Reviews for Sugar and spite

Kirkus
Copyright © Kirkus Reviews, used with permission.

Agatha Raisin continues her duel with choleric DCI Wilkes when he writes off a murder as an accident. Agatha’s detective agency is doing well. So is her romance with former DI John Glass, who’s soon to leave on a two-week cruise as a dance instructor. Attending a lecture on bird watching given by three local Cotswolds women whose friendship is long but rocky, Agatha watches as they’re threatened by Gethin “Guy” Fawkes, a local farmer who doesn’t want anyone "trespassing" on his land to look at birds, even though the women say they have a legal "right to roam." On their way out for dinner the next day, Agatha and John come upon a road closure, and her old friend DS Bill Wong tells them that a woman’s been killed by a falling tree.
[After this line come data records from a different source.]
lemma prob_gnp_edge_count_deviation_tendsto_0:
  fixes c d \<kappa> :: real
  assumes c: "c > 0" and d: "d > 0" and \<kappa>: "\<kappa> > 0"
  shows "(\<lambda>n. measure_pmf.prob (gnp (nat \<lfloor>c * real n\<rfloor>) (d / real n))
           {E. \<kappa> * real n \<le> \<bar>real (card E) - real n * c^2 * d / 2\<bar>}) \<longlonglongrightarrow> 0"
proof (rule tendsto_sandwich[of "\<lambda>_. 0" _ _ "\<lambda>n. 2 * c^2 * d / (\<kappa>^2 * real n)"])
  have "\<forall>\<^sub>F n in sequentially. max d (max (2 / c) (3 * c * d / \<kappa>)) \<le> real n"
    using filterlim_real_sequentially unfolding filterlim_at_top by blast
  then show "\<forall>\<^sub>F n in sequentially. measure_pmf.prob (gnp (nat \<lfloor>c * real n\<rfloor>) (d / real n))
           {E. \<kappa> * real n \<le> \<bar>real (card E) - real n * c^2 * d / 2\<bar>} \<le> 2 * c^2 * d / (\<kappa>^2 * real n)"
  proof eventually_elim
    case (elim n)
    then have "d \<le> real n" "2 \<le> c * real n" "3 * c * d \<le> \<kappa> * real n"
      using c \<kappa> by (auto simp: field_simps)
    from prob_gnp_edge_count_deviation_le[OF c d \<kappa> this] show ?case by simp
  qed
  show "(\<lambda>n. 2 * c^2 * d / (\<kappa>^2 * real n)) \<longlonglongrightarrow> 0"
    using lim_const_over_n[of "2 * c^2 * d / \<kappa>^2"] by simp
qed auto

section \<open>Edges between disjoint sets\<close>

definition disjoint_sets_joined :: "nat \<Rightarrow> nat \<Rightarrow> (nat \<times> nat) set \<Rightarrow> bool" where
  "disjoint_sets_joined N s E \<longleftrightarrow>
     (\<forall>S T. S \<subseteq> {0..<N} \<and> T \<subseteq> {0..<N} \<and> S \<inter> T = {} \<and> card S = s \<and> card T = s
        \<longrightarrow> edges_between E S T \<noteq> 0)"

lemma card_mult_le_card_vertex_pairs_between:
  assumes "S \<subseteq> {0..<N}" "T \<subseteq> {0..<N}" "S \<inter> T = {}"
  shows "card S * card T \<le> card {(i, j) \<in> vertex_pairs N. (i \<in> S \<and> j \<in> T) \<or> (i \<in> T \<and> j \<in> S)}"
proof -
  have "inj_on (\<lambda>(u, v). (min u v, max u v)) (S \<times> T)"
    using assms(3) by (auto simp: inj_on_def min_def max_def split: if_splits)
  moreover have "(\<lambda>(u, v). (min u v, max u v)) ` (S \<times> T)
      \<subseteq> {(i, j) \<in> vertex_pairs N. (i \<in> S \<and> j \<in> T) \<or> (i \<in> T \<and> j \<in> S)}"
  proof (rule image_subsetI)
    fix x assume "x \<in> S \<times> T"
    then obtain u v where "x = (u, v)" "u \<in> S" "v \<in> T" by blast
    moreover from this assms have "u < N" "v < N" "u \<noteq> v" by auto
    ultimately show "(\<lambda>(u, v). (min u v, max u v)) x
        \<in> {(i, j) \<in> vertex_pairs N. (i \<in> S \<and> j \<in> T) \<or> (i \<in> T \<and> j \<in> S)}"
      by (auto simp: vertex_pairs_def min_def max_def)
  qed
  ultimately have "card (S \<times> T) \<le> card {(i, j) \<in> vertex_pairs N. (i \<in> S \<and> j \<in> T) \<or> (i \<in> T \<and> j \<in> S)}"
    by (intro card_inj_on_le) (auto intro: finite_subset[OF _ finite_vertex_pairs])
  then show ?thesis by (simp add: card_cartesian_product)
qed

lemma prob_gnp_no_edges_between:
  assumes ST: "S \<subseteq> {0..<N}" "T \<subseteq> {0..<N}" "S \<inter> T = {}" and p: "p \<in> {0..1}"
  shows "measure_pmf.prob (gnp N p) {E. edges_between E S T = 0} \<le> (1 - p) ^ (card S * card T)"
proof -
  define X where "X = {(i, j) \<in> vertex_pairs N. (i \<in> S \<and> j \<in> T) \<or> (i \<in> T \<and> j \<in> S)}"
  define B where "B = (\<lambda>e. if e \<in> X then {False} else UNIV)"
  have X_sub: "X \<subseteq> vertex_pairs N" by (auto simp: X_def)
  have fin: "finite {(i, j) \<in> {e \<in> vertex_pairs N. f e}. (i \<in> S \<and> j \<in> T) \<or> (i \<in> T \<and> j \<in> S)}" for f
    by (rule finite_subset[OF _ finite_vertex_pairs]) auto
  have "measure_pmf.prob (gnp N p) {E. edges_between E S T = 0}
      = measure_pmf.prob (Pi_pmf (vertex_pairs N) False (\<lambda>_. bernoulli_pmf p))
          ((\<lambda>f. {e \<in> vertex_pairs N. f e}) -` {E. edges_between E S T = 0})"
    unfolding gnp_def by (simp add: measure_map_pmf)
  also have "\<dots> \<le> measure_pmf.prob (Pi_pmf (vertex_pairs N) False (\<lambda>_. bernoulli_pmf p)) (Pi (vertex_pairs N) B)"
    using fin by (intro measure_pmf.finite_measure_mono) (auto simp: edges_between_def B_def X_def)
  also have "\<dots> = (\<Prod>e\<in>vertex_pairs N. measure_pmf.prob (bernoulli_pmf p) (B e))"
    by (rule measure_Pi_pmf_Pi[OF finite_vertex_pairs])
  also have "\<dots> = (\<Prod>e\<in>vertex_pairs N. if e \<in> X then 1 - p else 1)"
    using p by (intro prod.cong) (auto simp: B_def measure_pmf_single)
  also have "\<dots> = (1 - p) ^ card X"
    using X_sub by (simp add: prod.If_cases finite_vertex_pairs Int_absorb1)
  also have "\<dots> \<le> (1 - p) ^ (card S * card T)"
    using p card_mult_le_card_vertex_pairs_between[OF ST] by (intro power_decreasing) (auto simp: X_def)
  finally show ?thesis .
qed

lemma prob_gnp_not_disjoint_sets_joined_le:
  assumes p: "p \<in> {0..1}"
  shows "measure_pmf.prob (gnp N p) {E. \<not> disjoint_sets_joined N s E}
           \<le> real (N choose s) * real ((N - s) choose s) * (1 - p) ^ (s * s)"
proof -
  define P where "P = Sigma {S. S \<subseteq> {0..<N} \<and> card S = s} (\<lambda>S. {T. T \<subseteq> {0..<N} - S \<and> card T = s})"
  have "card P = (\<Sum>S | S \<subseteq> {0..<N} \<and> card S = s. card {T. T \<subseteq> {0..<N} - S \<and> card T = s})"
    unfolding P_def by (rule card_SigmaI) auto
  also have "\<dots> = (\<Sum>S | S \<subseteq> {0..<N} \<and> card S = s. (N - s) choose s)"
    by (intro sum.cong refl) (auto simp: n_subsets card_Diff_subset finite_subset)
  finally have card_P: "card P = (N choose s) * ((N - s) choose s)"
    by (simp add: n_subsets)
  define A where "A = (\<lambda>(S, T). {E. edges_between E S T = 0})"
  have "{E. \<not> disjoint_sets_joined N s E} \<subseteq> \<Union>(A ` P)"
  proof
    fix E assume "E \<in> {E. \<not> disjoint_sets_joined N s E}"
    then obtain S T where "S \<subseteq> {0..<N}" "T \<subseteq> {0..<N}" "S \<inter> T = {}" "card S = s" "card T = s"
        and "edges_between E S T = 0"
      by (auto simp: disjoint_sets_joined_def)
    then show "E \<in> \<Union>(A ` P)"
      unfolding P_def A_def by blast
  qed
  then have "measure_pmf.prob (gnp N p) {E. \<not> disjoint_sets_joined N s E}
      \<le> measure_pmf.prob (gnp N p) (\<Union>(A ` P))"
    by (intro measure_pmf.finite_measure_mono) auto
  also have "\<dots> \<le> (\<Sum>x\<in>P. measure_pmf.prob (gnp N p) (A x))"
    unfolding P_def by (intro measure_pmf.finite_measure_subadditive_finite) auto
  also have "\<dots> \<le> (\<Sum>x\<in>P. (1 - p) ^ (s * s))"
  proof (rule sum_mono)
    fix x assume "x \<in> P"
    then obtain S T where "x = (S, T)" "S \<subseteq> {0..<N}" "T \<subseteq> {0..<N}" "S \<inter> T = {}"
        "card S = s" "card T = s"
      by (auto simp: P_def)
    then show "measure_pmf.prob (gnp N p) (A x) \<le> (1 - p) ^ (s * s)"
      using prob_gnp_no_edges_between[OF _ _ _ p] by (metis A_def case_prod_conv)
  qed
  also have "\<dots> = real (N choose s) * real ((N - s) choose s) * (1 - p) ^ (s * s)"
    by (simp add: card_P)
  finally show ?thesis .
qed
The woman is Joan Feldrake, one of the birders, and both Agatha and a reporter think that something’s not right with the accident scenario. Joan’s brother is dating Mary, another of the birders, and seems in an awful hurry to wrap up her estate. In the meantime, Agatha’s flamboyant friend Roy Silver, who’s horse riding in the area, tells Agatha that one of the neighbors of the riding stable suspects Fawkes of stealing her sheep, even though they’re not actually disappearing. Since two of the birders have been lured to the woods by a message about a rare bird, Agatha and Roy go looking for Joan’s missing phone and find another body. The phone opens up new avenues of investigation in a case of multiple murders with many red herrings. Lots of mystery in a package that makes you laugh and cry. Copyright © Kirkus Reviews, used with permission.


Book list
From Booklist, Copyright © American Library Association. Used with permission.

Readers should know that although the publisher gives M. C. Beaton top billing, this Cotswolds cozy is not by Beaton, who died in 2019, but by R. W. Green, who has very ably carried on the franchise since he completed Beaton’s Hot to Trot, published posthumously in 2020. In this, the 36th installment in the Agatha Raisin series, Green brings back the snarky, vain, yet insightful Agatha, who heads her own detective agency. He also serves up what every cozy reader loves: tea and sherry at the vicarage; village pubs with low beams and gleaming horse brasses; and honeyed Cotswolds stone cottages. The mystery centers on birding in the countryside, and one irascible farmer’s objection to birders on his land. Three enthusiastic, contentious women vie with each other for ascendancy. One of them is found dead, presumably felled by a tree. Then another of the trio’s body is discovered in a pond, and Agatha is off and running in her investigation. Fans of the series will enjoy this new volume.